But such disappointment may have originated from an incorrect assessment of the exact coordinates of his passage through Havana, the uncharted context in which his visit occurs: it happens that the country visited today by the Argentine Pope is not the same one visited by Wojtyla in 1998; nor even the same one visited by Ratzinger in 2012.

Just because the dictatorship is exactly the same doesn’t mean that Cuba is. The political audacity of Obama in diametrically reversing a policy perpetuated by his nine predecessors in the White House is not the focus of this discussion, but the consequences of this shift are undoubtedly far-reaching.

This has obviously affected the political scene inside and outside of Cuba because in the short term it has conditioned a different attitude toward the island and has raised more expectations in the entrepreneurial sector of the informal Cuban economy.

Because a country is the sum of the needs and aspirations of the people who inhabit it, something well-known to Bergoglio, an expert on human nature, he must have opted for prudence out of the conviction that it was the appropriate thing right now.

Let’s put everything in context. Bergoglio is a Pope who has publicly agreed to mediate one of the longest and most bitter conflicts in modern history, and therefore follows the golden rule of all mediators: do not embarrass any party taking a neutral position. He knows that the world is watching his every gesture.

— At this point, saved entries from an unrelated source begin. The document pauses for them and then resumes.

(* Let $\mathcal S$ be a finite set, let $\kappa$ be a real symmetric $\mathcal S\times\mathcal S$ matrix with nonnegative entries, and let $\mu,c\in(0,\infty)^{\mathcal S}$ with $c_i<\mu_i$ for all $i$. Assume $D_c^{-1}-\kappa$ is positive definite, and set $\Phi=(D_c^{-1}-\kappa)^{-1}$, \[ A_0=(I-\kappa D_c)\,D_{\mu-c}^{-1}\,(I-D_\mu\kappa),\qquad A=\tfrac12(A_0+A_0^T). \] Let $k\in\mathbb N^{\mathcal S}$ and $h>0$ be such that $\Phi-h\,kk^T$ is positive definite, and let $B_k=(\Phi-h\,kk^T)^{-1}$. If \[ h\,k^T(D_\mu^{-1}-\kappa)k<1, \] then $A+B_k$ is positive definite.
   Context: For a vector $x\in\mathbb R^{\mathcal S}$, $D_x$ denotes the diagonal matrix with diagonal entries $x_i$; $\mu-c$ is the componentwise difference; $I$ is the identity matrix. (In the paper $h=h(k)$ is the limiting density of components of type vector $k$, but only $h>0$ and the stated conditions are used.) *)

theory Defs
  imports "HOL-Analysis.Analysis"
begin

definition pos_def_matrix :: "real^'n^'n \<Rightarrow> bool" where
  "pos_def_matrix M \<longleftrightarrow> transpose M = M \<and> (\<forall>x. x \<noteq> 0 \<longrightarrow> x \<bullet> (M *v x) > 0)"

definition diag_mat :: "real^'n \<Rightarrow> real^'n^'n" where
  "diag_mat x = (\<chi> i j. if i = j then x $ i else 0)"

definition outer :: "real^'n \<Rightarrow> real^'n \<Rightarrow> real^'n^'n" where
  "outer u v = (\<chi> i j. u $ i * v $ j)"

end

theory Submission
  imports Defs
begin

text \<open>With \<open>P = D\<^sub>c\<^sup>-\<^sup>1 - \<kappa>\<close> the matrix \<open>A\<^sub>0\<close> factors as \<open>P D\<^sub>w P - P\<close> with
  \<open>w\<^sub>i = c\<^sub>i \<mu>\<^sub>i / (\<mu>\<^sub>i - c\<^sub>i) > 0\<close>; in particular it is symmetric, so \<open>A = A\<^sub>0\<close>.
  Since \<open>\<Phi> - h k k\<^sup>T \<le> \<Phi>\<close> in the Loewner order and inversion reverses that order,
  \<open>B\<^sub>k \<ge> \<Phi>\<^sup>-\<^sup>1 = P\<close>. Hence \<open>A + B\<^sub>k \<ge> P D\<^sub>w P\<close>, which is positive definite because \<open>P\<close> is
  invertible.\<close>

lemma matrix_diff_rdistrib: "((A::'a::ring_1^'n^'m) - B) ** C = A ** C - B ** C"
  by (simp add: matrix_matrix_mult_def vec_eq_iff algebra_simps sum_subtractf)

lemma matrix_diff_ldistrib: "(A::'a::ring_1^'n^'m) ** (B - C) = A ** B - A ** C"
  by (simp add: matrix_matrix_mult_def vec_eq_iff algebra_simps sum_subtractf)

lemma transpose_diff: "transpose (A - B) = transpose A - transpose B"
  by (simp add: transpose_def vec_eq_iff)

lemma diag_mat_mult_vector: "diag_mat a *v v = (\<chi> i. a $ i * v $ i)"
  by (simp add: diag_mat_def matrix_vector_mult_def vec_eq_iff if_distrib[of "\<lambda>t. t * _"] cong: if_cong)

lemma diag_mat_mult_diag_mat: "diag_mat a ** diag_mat b = diag_mat (\<chi> i. a $ i * b $ i)"
  by (simp add: matrix_eq matrix_vector_mul_assoc[symmetric] diag_mat_mult_vector mult.assoc)

lemma diag_mat_diff: "diag_mat a - diag_mat b = diag_mat (a - b)"
  by (simp add: diag_mat_def vec_eq_iff)

lemma mat_eq_diag_mat: "mat r = diag_mat (\<chi> i. r)"
  by (simp add: mat_def diag_mat_def vec_eq_iff)

lemma transpose_diag_mat: "transpose (diag_mat a) = diag_mat a"
  by (simp add: transpose_def diag_mat_def vec_eq_iff)

lemma matrix_inv_invertible:
  "invertible A \<Longrightarrow> A ** matrix_inv A = mat 1 \<and> matrix_inv A ** A = mat 1"
  unfolding invertible_def matrix_inv_def by (rule someI_ex)

lemma matrix_inv_unique:
  fixes A B :: "'a::field^'n^'n"
  assumes "A ** B = mat 1"
  shows "matrix_inv A = B"
proof -
  have "invertible A"
    using assms invertible_right_inverse by blast
  then have "matrix_inv A ** A = mat 1"
    by (simp add: matrix_inv_invertible)
  then have "matrix_inv A ** (A ** B) = B"
    by (metis matrix_mul_assoc matrix_mul_lid)
  with assms show ?thesis by simp
qed

lemma matrix_inv_matrix_inv:
  fixes A :: "'a::field^'n^'n"
  shows "invertible A \<Longrightarrow> matrix_inv (matrix_inv A) = A"
  by (simp add: matrix_inv_invertible matrix_inv_unique)

lemma matrix_inv_diag_mat:
  "(\<forall>i. a $ i \<noteq> 0) \<Longrightarrow> matrix_inv (diag_mat a) = diag_mat (\<chi> i. 1 / a $ i)"
  by (rule matrix_inv_unique) (simp add: diag_mat_mult_diag_mat mat_eq_diag_mat)

lemma inner_transpose_mult_vector: "(x::real^'n) \<bullet> (transpose M *v y) = (M *v x) \<bullet> y"
  by (metis dot_lmul_matrix vector_transpose_matrix)

lemma pos_def_matrix_kernel: "pos_def_matrix M \<Longrightarrow> M *v x = 0 \<Longrightarrow> x = 0"
  unfolding pos_def_matrix_def by force

lemma pos_def_matrix_invertible: "pos_def_matrix M \<Longrightarrow> invertible M"
  by (meson invertible_left_inverse matrix_left_invertible_ker pos_def_matrix_kernel)

lemma pos_def_matrix_matrix_inv:
  assumes "pos_def_matrix M"
  shows "pos_def_matrix (matrix_inv M)"
  unfolding pos_def_matrix_def
proof safe
  have M: "M ** matrix_inv M = mat 1" "matrix_inv M ** M = mat 1"
    using assms pos_def_matrix_invertible matrix_inv_invertible by blast+
  have M_sym: "transpose M = M"
    using assms pos_def_matrix_def by blast
  have "transpose (matrix_inv M) ** M = mat 1"
    by (metis M(1) M_sym matrix_transpose_mul transpose_mat)
  then show "transpose (matrix_inv M) = matrix_inv M"
    by (metis matrix_left_right_inverse matrix_inv_unique)
  fix x :: "real^'a" assume "x \<noteq> 0"
  define y where "y = matrix_inv M *v x"
  have x: "x = M *v y"
    by (simp add: y_def matrix_vector_mul_assoc M)
  with \<open>x \<noteq> 0\<close> have "y \<noteq> 0" by auto
  then have "0 < y \<bullet> (M *v y)"
    using assms pos_def_matrix_def by blast
  then show "0 < x \<bullet> (matrix_inv M *v x)"
    by (simp add: x[symmetric] y_def[symmetric] inner_commute)
qed

lemma pos_def_matrix_diag_mat:
  assumes "\<forall>i. 0 < w $ i"
  shows "pos_def_matrix (diag_mat w)"
  unfolding pos_def_matrix_def
proof (intro conjI allI impI)
  show "transpose (diag_mat w) = diag_mat w"
    by (rule transpose_diag_mat)
  fix x :: "real^'a" assume "x \<noteq> 0"
  then obtain j where j: "x $ j \<noteq> 0"
    by (metis vec_eq_iff zero_index)
  have "x \<bullet> (diag_mat w *v x) = (\<Sum>i\<in>UNIV. w $ i * (x $ i)\<^sup>2)"
    by (simp add: diag_mat_mult_vector inner_vec_def power2_eq_square algebra_simps)
  also have "\<dots> > 0"
  proof (rule sum_pos2[where i = j])
    show "0 < w $ j * (x $ j)\<^sup>2"
      using assms j by simp
    show "\<And>i. i \<in> UNIV \<Longrightarrow> 0 \<le> w $ i * (x $ i)\<^sup>2"
      using assms by (simp add: less_imp_le)
  qed auto
  finally show "x \<bullet> (diag_mat w *v x) > 0" .
qed

lemma pos_def_matrix_congruence:
  fixes D :: "real^'m^'m" and P :: "real^'n^'m"
  assumes "pos_def_matrix D" and "\<forall>x. P *v x = 0 \<longrightarrow> x = 0"
  shows "pos_def_matrix (transpose P ** D ** P)"
  unfolding pos_def_matrix_def
proof (intro conjI allI impI)
  show "transpose (transpose P ** D ** P) = transpose P ** D ** P"
    using assms(1) by (simp add: pos_def_matrix_def matrix_transpose_mul matrix_mul_assoc)
  fix x :: "real^'n" assume "x \<noteq> 0"
  then have "P *v x \<noteq> 0"
    using assms(2) by blast
  then have "0 < (P *v x) \<bullet> (D *v (P *v x))"
    using assms(1) pos_def_matrix_def by blast
  then show "0 < x \<bullet> ((transpose P ** D ** P) *v x)"
    by (simp only: matrix_vector_mul_assoc[symmetric] inner_transpose_mult_vector)
qed

lemma pos_def_matrix_mono:
  assumes "pos_def_matrix M" and "transpose N = N" and "\<forall>x. x \<bullet> (M *v x) \<le> x \<bullet> (N *v x)"
  shows "pos_def_matrix N"
  using assms unfolding pos_def_matrix_def by (meson less_le_trans)

lemma scaleR_half_add_transpose:
  fixes M :: "real^'n^'n"
  shows "transpose M = M \<Longrightarrow> (1/2) *\<^sub>R (M + transpose M) = M"
  by (simp only: scaleR_add_right flip: scaleR_add_left) simp

lemma inner_outer_mult_vector: "x \<bullet> (outer k k *v x) = (k \<bullet> x)\<^sup>2"
  by (simp add: outer_def matrix_vector_mult_def inner_vec_def power2_eq_square
      sum_distrib_left sum_distrib_right mult_ac)

lemma matrix_inv_antimono:
  fixes S T :: "real^'n^'n"
  assumes "pos_def_matrix S" and "invertible T"
    and le: "\<forall>y. y \<bullet> (S *v y) \<le> y \<bullet> (T *v y)"
  shows "x \<bullet> (matrix_inv T *v x) \<le> x \<bullet> (matrix_inv S *v x)"
proof -
  define u where "u = matrix_inv S *v x"
  define v where "v = matrix_inv T *v x"
  have Su: "S *v u = x"
    using assms(1) pos_def_matrix_invertible matrix_inv_invertible
    by (metis u_def matrix_vector_mul_assoc matrix_vector_mul_lid)
  have Tv: "T *v v = x"
    using assms(2) matrix_inv_invertible
    by (metis v_def matrix_vector_mul_assoc matrix_vector_mul_lid)
  have "transpose S = S"
    using assms(1) pos_def_matrix_def by blast
  then have Sv: "u \<bullet> (S *v v) = x \<bullet> v"
    by (metis inner_transpose_mult_vector Su)
  \<comment> \<open>expand the nonnegative form \<open>(u - v)\<^sup>T S (u - v)\<close> and bound \<open>v\<^sup>T S v\<close> by \<open>v\<^sup>T T v\<close>\<close>
  have "0 \<le> (u - v) \<bullet> (S *v (u - v))"
    using assms(1) unfolding pos_def_matrix_def by (cases "u = v") (auto intro: less_imp_le)
  also have "\<dots> = u \<bullet> x - 2 * (x \<bullet> v) + v \<bullet> (S *v v)"
    by (simp add: matrix_vector_mult_diff_distrib inner_diff_left inner_diff_right Su Sv inner_commute)
  also have "v \<bullet> (S *v v) \<le> x \<bullet> v"
    using le Tv by (metis inner_commute)
  finally show ?thesis
    by (simp add: u_def v_def inner_commute)
qed

lemma matrix_inv_rank_one_downdate_ge:
  assumes P: "pos_def_matrix P" and S: "pos_def_matrix (matrix_inv P - h *\<^sub>R outer k k)"
    and "0 \<le> h"
  shows "x \<bullet> (P *v x) \<le> x \<bullet> (matrix_inv (matrix_inv P - h *\<^sub>R outer k k) *v x)"
proof -
  have "y \<bullet> ((matrix_inv P - h *\<^sub>R outer k k) *v y) \<le> y \<bullet> (matrix_inv P *v y)" for y
    using \<open>0 \<le> h\<close> by (simp add: matrix_vector_mult_diff_rdistrib inner_diff_right
        inner_outer_mult_vector flip: scaleR_matrix_vector_assoc)
  then have "x \<bullet> (matrix_inv (matrix_inv P) *v x)
      \<le> x \<bullet> (matrix_inv (matrix_inv P - h *\<^sub>R outer k k) *v x)"
    using P by (intro matrix_inv_antimono S pos_def_matrix_invertible pos_def_matrix_matrix_inv) auto
  then show ?thesis
    using P by (simp add: matrix_inv_matrix_inv pos_def_matrix_invertible)
qed

lemma sandwich_factorization:
  fixes \<kappa> :: "real^'n^'n" and \<mu> c :: "real^'n"
  assumes c_nz: "\<forall>i. c $ i \<noteq> 0" and mu_ne_c: "\<forall>i. \<mu> $ i \<noteq> c $ i"
  defines "P \<equiv> matrix_inv (diag_mat c) - \<kappa>"
  shows "(mat 1 - \<kappa> ** diag_mat c) ** matrix_inv (diag_mat (\<mu> - c)) ** (mat 1 - diag_mat \<mu> ** \<kappa>)
    = P ** diag_mat (\<chi> i. c $ i * \<mu> $ i / (\<mu> $ i - c $ i)) ** P - P"
proof -
  define C' where "C' = diag_mat (\<chi> i. 1 / c $ i)"
  define E where "E = diag_mat (\<chi> i. 1 / (\<mu> $ i - c $ i))"
  have C': "matrix_inv (diag_mat c) = C'"
    unfolding C'_def using c_nz by (rule matrix_inv_diag_mat)
  have E: "matrix_inv (diag_mat (\<mu> - c)) = E"
    unfolding E_def using mu_ne_c by (subst matrix_inv_diag_mat) auto
  have left: "mat 1 - \<kappa> ** diag_mat c = P ** diag_mat c"
    using c_nz by (simp add: P_def C' C'_def matrix_diff_rdistrib diag_mat_mult_diag_mat mat_eq_diag_mat)
  have right: "mat 1 - diag_mat \<mu> ** \<kappa> = diag_mat \<mu> ** P - (diag_mat \<mu> ** C' - mat 1)"
    by (simp add: P_def C' matrix_diff_ldistrib)
  have middle: "diag_mat c ** E ** diag_mat \<mu> = diag_mat (\<chi> i. c $ i * \<mu> $ i / (\<mu> $ i - c $ i))"
    by (simp add: E_def diag_mat_mult_diag_mat)
  have correction: "diag_mat c ** E ** (diag_mat \<mu> ** C' - mat 1) = mat 1"
    using c_nz mu_ne_c
    by (simp add: E_def C'_def mat_eq_diag_mat diag_mat_mult_diag_mat diag_mat_diff vec_eq_iff field_simps)
  have "(mat 1 - \<kappa> ** diag_mat c) ** E ** (mat 1 - diag_mat \<mu> ** \<kappa>)
    = P ** (diag_mat c ** E ** diag_mat \<mu>) ** P - P ** (diag_mat c ** E ** (diag_mat \<mu> ** C' - mat 1))"
    unfolding left right by (simp add: matrix_diff_ldistrib matrix_mul_assoc)
  then show ?thesis
    by (simp only: E middle correction matrix_mul_rid)
qed

theorem mainTheorem3:
  fixes \<kappa> :: "real^'S^'S" and \<mu> c :: "real^'S" and k :: "real^'S" and h :: real
  assumes kappa_sym: "transpose \<kappa> = \<kappa>"
    and kappa_nonneg: "\<forall>i j. \<kappa> $ i $ j \<ge> 0"
    and c_pos: "\<forall>i. c $ i > 0"
    and mu_pos: "\<forall>i. \<mu> $ i > 0"
    and c_lt_mu: "\<forall>i. c $ i < \<mu> $ i"
    and pd1: "pos_def_matrix (matrix_inv (diag_mat c) - \<kappa>)"
    and k_nat: "\<forall>i. k $ i \<in> \<nat>"
    and h_pos: "h > 0"
    and pd2: "pos_def_matrix (matrix_inv (matrix_inv (diag_mat c) - \<kappa>) - h *\<^sub>R outer k k)"
    and cond: "h * (k \<bullet> ((matrix_inv (diag_mat \<mu>) - \<kappa>) *v k)) < 1"
  shows "let \<Phi> = matrix_inv (matrix_inv (diag_mat c) - \<kappa>);
             A0 = (mat 1 - \<kappa> ** diag_mat c) ** matrix_inv (diag_mat (\<mu> - c))
                  ** (mat 1 - diag_mat \<mu> ** \<kappa>);
             A = (1/2) *\<^sub>R (A0 + transpose A0);
             B = matrix_inv (\<Phi> - h *\<^sub>R outer k k)
         in pos_def_matrix (A + B)"
proof -
  define P where "P = matrix_inv (diag_mat c) - \<kappa>"
  define W where "W = diag_mat (\<chi> i. c $ i * \<mu> $ i / (\<mu> $ i - c $ i))"
  define B where "B = matrix_inv (matrix_inv P - h *\<^sub>R outer k k)"
  have P_sym: "transpose P = P"
    using pd1 by (simp add: P_def pos_def_matrix_def)
  have A0: "(mat 1 - \<kappa> ** diag_mat c) ** matrix_inv (diag_mat (\<mu> - c)) ** (mat 1 - diag_mat \<mu> ** \<kappa>)
      = P ** W ** P - P"
    unfolding P_def W_def using c_pos c_lt_mu
    by (intro sandwich_factorization) (auto simp: less_imp_neq[symmetric] less_imp_neq)
  have A0_sym: "transpose (P ** W ** P - P) = P ** W ** P - P"
    by (simp add: transpose_diff matrix_transpose_mul matrix_mul_assoc P_sym W_def transpose_diag_mat)
  have PWP: "pos_def_matrix (transpose P ** W ** P)"
    using c_pos mu_pos c_lt_mu pd1 unfolding W_def P_def
    by (intro pos_def_matrix_congruence pos_def_matrix_diag_mat) (auto intro: pos_def_matrix_kernel)
  have B_ge: "x \<bullet> (P *v x) \<le> x \<bullet> (B *v x)" for x
    using pd1 pd2 h_pos unfolding P_def B_def by (intro matrix_inv_rank_one_downdate_ge) auto
  have B_sym: "transpose B = B"
    using pd2 pos_def_matrix_matrix_inv unfolding B_def P_def pos_def_matrix_def by blast
  have "pos_def_matrix (P ** W ** P - P + B)"
    using PWP
  proof (rule pos_def_matrix_mono)
    show "transpose (P ** W ** P - P + B) = P ** W ** P - P + B"
      using A0_sym B_sym by (simp add: transpose_def vec_eq_iff)
    show "\<forall>x. x \<bullet> ((transpose P ** W ** P) *v x) \<le> x \<bullet> ((P ** W ** P - P + B) *v x)"
      using B_ge by (simp add: P_sym matrix_vector_mult_add_rdistrib matrix_vector_mult_diff_rdistrib
          inner_add_right inner_diff_right)
  qed
  then show ?thesis
    unfolding Let_def A0 scaleR_half_add_transpose[OF A0_sym] by (simp add: P_def B_def)
qed

end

He also knows the penchant of the Cuban side to concoct absurd pretexts, and he knows that any confrontational statement could cool the climate of the current negotiations. At this time the pope is a political actor and conducts himself as such.

In Cuba we saw a Bergoglio focused on his purpose of bringing the two parties closer to try to resolve a longtime dispute. We are in the presence a man in the prime of his personal maturity and at the summit of his life’s work, conscientiously serving in a delicate negotiation.

Like any good politician, who never sacrifices the final objective for intermediate skirmishes, he simply puts his mission ahead of any personal opinion he may have on the matter and keeps his attention fixed on achieving the goal.

Nevertheless, his personal visit to Fidel Castro was disconcerting—he was not required by protocol to visit someone who at this point does not occupy any official positions. If instead he had not visited Fidel’s home, he would have sent a clear political message about his desire to break with a past that Cuba urgently needs to leave behind. But for either practical or purely personal reasons he chose to give a media selfie to the dictatorship.

Seeing him with the man who has most damaged the Cuban nation has been deeply disturbing, but time will unveil the true intention of his encounter and only then will we know how ethically justified his decision was.

Controversies have also arisen about his later statements denying knowledge of the arrests of hundreds of Cuban dissidents during his stay on the island. But not meeting with any dissidents fit pragmatically with his objective when seen from the viewpoint of a mediator: this would have unduly strained the climate of the visit, in the view of the Cuban government—and is something, by the way, that was not required given the essentially pastoral character of his tour. Viewing everything in this light, it was simply a diplomatic matter of refraining from making inflammatory statements.

But all this made more evident still the dilemma of the Cuban Catholic Church; caught between the brittle pride of a suspicious dictatorship and hurting those who are supposed to be its people has presented a profound ethical dilemma.

We are facing a new scenario in which age-old questions are repeated: what is the role of the Catholic Church, located between a suffering people and the despotism of their oppressors? Where is her exact place in this puzzle of contradictions? To what extent should the successor of Peter be politically involved? Or maybe the question is much simpler still—Which side would Jesus be on at this crossroads of our history?

At this time Francis, who delivered a speech to the UN General Assembly in keeping with his style, has opted not to take a risk regarding Cuba, has decided to dance to the rhythm of his own tango, and from the stairway seemed to sing “goodbye children!” as one who knows all the answers beforehand.